▸ **What this task involves**
What lines in the records below include the word "flip"? Return each one.

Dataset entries
──────────
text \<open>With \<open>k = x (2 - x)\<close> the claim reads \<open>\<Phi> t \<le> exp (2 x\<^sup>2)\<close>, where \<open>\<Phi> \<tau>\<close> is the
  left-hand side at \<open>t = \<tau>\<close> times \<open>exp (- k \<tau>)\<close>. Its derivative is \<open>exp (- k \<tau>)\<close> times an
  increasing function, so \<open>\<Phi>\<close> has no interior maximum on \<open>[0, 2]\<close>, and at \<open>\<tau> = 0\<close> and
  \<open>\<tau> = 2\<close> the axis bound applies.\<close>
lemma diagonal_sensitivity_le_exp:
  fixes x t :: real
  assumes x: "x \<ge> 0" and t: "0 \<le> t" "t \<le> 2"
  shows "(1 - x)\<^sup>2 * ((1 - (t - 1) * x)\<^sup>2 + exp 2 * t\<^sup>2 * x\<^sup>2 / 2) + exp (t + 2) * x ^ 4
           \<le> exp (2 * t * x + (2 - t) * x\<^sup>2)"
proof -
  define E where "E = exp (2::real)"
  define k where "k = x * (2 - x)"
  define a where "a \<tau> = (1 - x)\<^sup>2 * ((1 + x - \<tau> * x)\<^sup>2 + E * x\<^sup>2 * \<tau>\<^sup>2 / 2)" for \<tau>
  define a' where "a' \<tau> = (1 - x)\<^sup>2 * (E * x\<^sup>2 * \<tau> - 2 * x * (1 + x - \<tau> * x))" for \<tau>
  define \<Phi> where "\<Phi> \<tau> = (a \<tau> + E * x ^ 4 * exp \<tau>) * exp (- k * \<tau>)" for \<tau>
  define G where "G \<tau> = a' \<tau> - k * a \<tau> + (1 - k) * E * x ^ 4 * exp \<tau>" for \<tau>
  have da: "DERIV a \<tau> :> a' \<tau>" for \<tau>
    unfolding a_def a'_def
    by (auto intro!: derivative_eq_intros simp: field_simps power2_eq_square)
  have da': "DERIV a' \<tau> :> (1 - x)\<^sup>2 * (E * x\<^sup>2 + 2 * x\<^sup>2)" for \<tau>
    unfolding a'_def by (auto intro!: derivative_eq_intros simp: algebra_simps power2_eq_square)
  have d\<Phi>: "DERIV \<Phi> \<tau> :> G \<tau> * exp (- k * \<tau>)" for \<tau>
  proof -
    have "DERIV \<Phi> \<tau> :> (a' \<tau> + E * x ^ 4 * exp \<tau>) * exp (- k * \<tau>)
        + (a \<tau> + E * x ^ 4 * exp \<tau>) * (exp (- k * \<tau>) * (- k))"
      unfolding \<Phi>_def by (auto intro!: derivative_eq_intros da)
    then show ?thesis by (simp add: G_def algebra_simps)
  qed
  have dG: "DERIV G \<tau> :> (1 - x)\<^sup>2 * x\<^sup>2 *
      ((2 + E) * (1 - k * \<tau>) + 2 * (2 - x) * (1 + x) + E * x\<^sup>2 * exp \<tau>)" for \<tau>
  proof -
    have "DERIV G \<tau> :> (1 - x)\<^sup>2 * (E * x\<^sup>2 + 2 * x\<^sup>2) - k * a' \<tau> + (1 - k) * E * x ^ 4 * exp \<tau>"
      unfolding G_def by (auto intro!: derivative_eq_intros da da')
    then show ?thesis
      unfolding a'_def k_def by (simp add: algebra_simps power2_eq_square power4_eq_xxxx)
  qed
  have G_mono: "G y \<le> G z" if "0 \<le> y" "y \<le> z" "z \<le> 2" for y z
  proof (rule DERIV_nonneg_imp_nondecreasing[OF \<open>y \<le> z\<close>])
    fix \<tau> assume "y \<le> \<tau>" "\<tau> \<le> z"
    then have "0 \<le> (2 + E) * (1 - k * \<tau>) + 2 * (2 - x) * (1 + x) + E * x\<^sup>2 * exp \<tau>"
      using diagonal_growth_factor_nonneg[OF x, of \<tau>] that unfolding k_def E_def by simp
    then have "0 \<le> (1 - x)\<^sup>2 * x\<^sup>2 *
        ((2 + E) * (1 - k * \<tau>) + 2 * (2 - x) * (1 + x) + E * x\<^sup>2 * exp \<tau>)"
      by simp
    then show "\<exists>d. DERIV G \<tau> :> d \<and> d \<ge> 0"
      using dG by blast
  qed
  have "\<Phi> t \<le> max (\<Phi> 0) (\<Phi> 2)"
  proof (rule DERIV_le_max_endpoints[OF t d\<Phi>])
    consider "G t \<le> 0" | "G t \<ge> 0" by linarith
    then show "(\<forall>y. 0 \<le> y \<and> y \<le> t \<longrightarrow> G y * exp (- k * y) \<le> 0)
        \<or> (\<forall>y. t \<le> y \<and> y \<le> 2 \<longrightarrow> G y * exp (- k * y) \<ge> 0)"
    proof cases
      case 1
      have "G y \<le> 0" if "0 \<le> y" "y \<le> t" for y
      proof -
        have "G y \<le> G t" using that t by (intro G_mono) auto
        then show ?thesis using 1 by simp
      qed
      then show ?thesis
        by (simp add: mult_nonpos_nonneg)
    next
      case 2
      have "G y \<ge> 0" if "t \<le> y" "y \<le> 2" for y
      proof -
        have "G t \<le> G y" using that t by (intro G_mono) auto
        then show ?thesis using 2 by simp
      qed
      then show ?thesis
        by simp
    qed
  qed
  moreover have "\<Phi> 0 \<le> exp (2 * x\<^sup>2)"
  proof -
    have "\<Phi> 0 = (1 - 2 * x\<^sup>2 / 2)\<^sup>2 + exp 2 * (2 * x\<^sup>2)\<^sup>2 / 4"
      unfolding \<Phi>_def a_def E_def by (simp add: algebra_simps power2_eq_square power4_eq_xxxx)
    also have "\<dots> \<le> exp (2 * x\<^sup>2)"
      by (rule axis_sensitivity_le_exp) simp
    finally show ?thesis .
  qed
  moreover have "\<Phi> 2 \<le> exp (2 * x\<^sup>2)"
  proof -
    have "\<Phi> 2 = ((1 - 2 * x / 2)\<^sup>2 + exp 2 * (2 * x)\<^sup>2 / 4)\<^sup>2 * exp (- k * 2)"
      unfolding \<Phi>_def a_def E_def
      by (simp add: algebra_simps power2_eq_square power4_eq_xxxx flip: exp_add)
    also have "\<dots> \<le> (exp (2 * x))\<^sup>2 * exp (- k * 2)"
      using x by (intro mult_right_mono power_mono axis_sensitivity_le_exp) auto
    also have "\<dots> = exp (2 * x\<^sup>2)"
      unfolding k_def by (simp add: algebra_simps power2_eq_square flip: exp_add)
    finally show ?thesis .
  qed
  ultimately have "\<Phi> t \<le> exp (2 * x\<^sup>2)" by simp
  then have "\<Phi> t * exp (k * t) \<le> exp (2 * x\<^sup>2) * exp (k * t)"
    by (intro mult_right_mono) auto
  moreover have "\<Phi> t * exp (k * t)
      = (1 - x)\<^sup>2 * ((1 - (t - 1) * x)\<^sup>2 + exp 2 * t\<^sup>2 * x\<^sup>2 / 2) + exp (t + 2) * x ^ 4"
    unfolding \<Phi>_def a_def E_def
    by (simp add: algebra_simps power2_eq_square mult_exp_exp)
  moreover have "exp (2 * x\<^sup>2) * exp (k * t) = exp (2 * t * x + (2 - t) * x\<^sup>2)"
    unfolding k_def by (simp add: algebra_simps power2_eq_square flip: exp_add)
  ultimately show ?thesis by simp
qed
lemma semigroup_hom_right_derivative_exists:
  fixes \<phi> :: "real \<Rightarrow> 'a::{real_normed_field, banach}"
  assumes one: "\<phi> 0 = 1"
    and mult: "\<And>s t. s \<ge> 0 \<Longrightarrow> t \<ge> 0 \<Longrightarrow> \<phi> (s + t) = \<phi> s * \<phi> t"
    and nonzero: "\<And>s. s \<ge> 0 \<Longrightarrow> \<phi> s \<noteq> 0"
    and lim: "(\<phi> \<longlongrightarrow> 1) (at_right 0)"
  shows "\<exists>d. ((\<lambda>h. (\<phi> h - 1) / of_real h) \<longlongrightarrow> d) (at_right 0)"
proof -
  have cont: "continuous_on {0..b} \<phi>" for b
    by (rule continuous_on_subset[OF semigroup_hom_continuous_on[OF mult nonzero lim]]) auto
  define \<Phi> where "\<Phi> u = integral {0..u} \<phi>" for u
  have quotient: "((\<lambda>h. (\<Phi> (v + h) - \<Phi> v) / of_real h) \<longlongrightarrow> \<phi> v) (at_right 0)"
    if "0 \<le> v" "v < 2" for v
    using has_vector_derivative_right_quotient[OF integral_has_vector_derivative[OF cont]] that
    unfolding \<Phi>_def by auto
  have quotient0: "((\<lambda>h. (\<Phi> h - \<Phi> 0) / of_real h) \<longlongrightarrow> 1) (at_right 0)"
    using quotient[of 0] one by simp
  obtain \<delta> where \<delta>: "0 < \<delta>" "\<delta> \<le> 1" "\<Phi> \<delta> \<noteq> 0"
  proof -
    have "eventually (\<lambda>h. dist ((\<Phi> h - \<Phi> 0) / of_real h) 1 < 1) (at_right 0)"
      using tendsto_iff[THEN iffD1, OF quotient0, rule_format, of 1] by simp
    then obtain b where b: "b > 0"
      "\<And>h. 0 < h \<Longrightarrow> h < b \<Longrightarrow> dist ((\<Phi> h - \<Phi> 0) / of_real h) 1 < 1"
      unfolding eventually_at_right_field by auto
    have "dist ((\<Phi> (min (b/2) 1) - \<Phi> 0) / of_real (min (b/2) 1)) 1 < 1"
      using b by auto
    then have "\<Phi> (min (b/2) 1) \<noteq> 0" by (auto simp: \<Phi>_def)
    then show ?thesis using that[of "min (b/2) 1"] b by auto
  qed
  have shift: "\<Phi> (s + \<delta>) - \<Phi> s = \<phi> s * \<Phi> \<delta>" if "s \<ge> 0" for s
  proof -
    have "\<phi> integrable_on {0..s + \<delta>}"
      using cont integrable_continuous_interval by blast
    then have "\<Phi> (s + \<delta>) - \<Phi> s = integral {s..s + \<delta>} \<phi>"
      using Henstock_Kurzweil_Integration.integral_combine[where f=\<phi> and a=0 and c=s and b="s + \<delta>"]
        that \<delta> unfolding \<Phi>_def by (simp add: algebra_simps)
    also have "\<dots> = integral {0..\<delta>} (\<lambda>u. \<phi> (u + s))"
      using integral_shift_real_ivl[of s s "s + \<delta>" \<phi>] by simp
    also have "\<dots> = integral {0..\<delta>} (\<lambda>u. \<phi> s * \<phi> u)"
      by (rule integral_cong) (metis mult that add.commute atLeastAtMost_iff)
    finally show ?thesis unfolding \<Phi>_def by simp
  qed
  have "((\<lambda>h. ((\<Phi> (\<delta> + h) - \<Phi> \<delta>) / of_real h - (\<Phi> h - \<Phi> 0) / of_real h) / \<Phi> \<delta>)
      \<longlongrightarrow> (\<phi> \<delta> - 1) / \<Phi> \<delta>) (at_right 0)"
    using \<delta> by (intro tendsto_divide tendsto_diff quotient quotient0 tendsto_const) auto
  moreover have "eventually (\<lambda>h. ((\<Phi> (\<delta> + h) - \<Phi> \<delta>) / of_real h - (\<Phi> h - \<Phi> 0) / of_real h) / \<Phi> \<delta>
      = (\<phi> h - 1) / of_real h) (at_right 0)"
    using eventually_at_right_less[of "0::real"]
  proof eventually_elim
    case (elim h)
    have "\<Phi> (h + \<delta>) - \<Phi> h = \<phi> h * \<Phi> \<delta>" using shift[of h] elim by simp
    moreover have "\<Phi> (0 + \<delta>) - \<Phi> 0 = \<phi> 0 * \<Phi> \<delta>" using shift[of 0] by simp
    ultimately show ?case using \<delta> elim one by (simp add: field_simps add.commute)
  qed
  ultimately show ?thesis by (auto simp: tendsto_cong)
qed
──────────
▸ **Response box**
      by (simp add: algebra_simps power2_eq_square power4_eq_xxxx flip: exp_add)
      unfolding k_def by (simp add: algebra_simps power2_eq_square flip: exp_add)
    unfolding k_def by (simp add: algebra_simps power2_eq_square flip: exp_add)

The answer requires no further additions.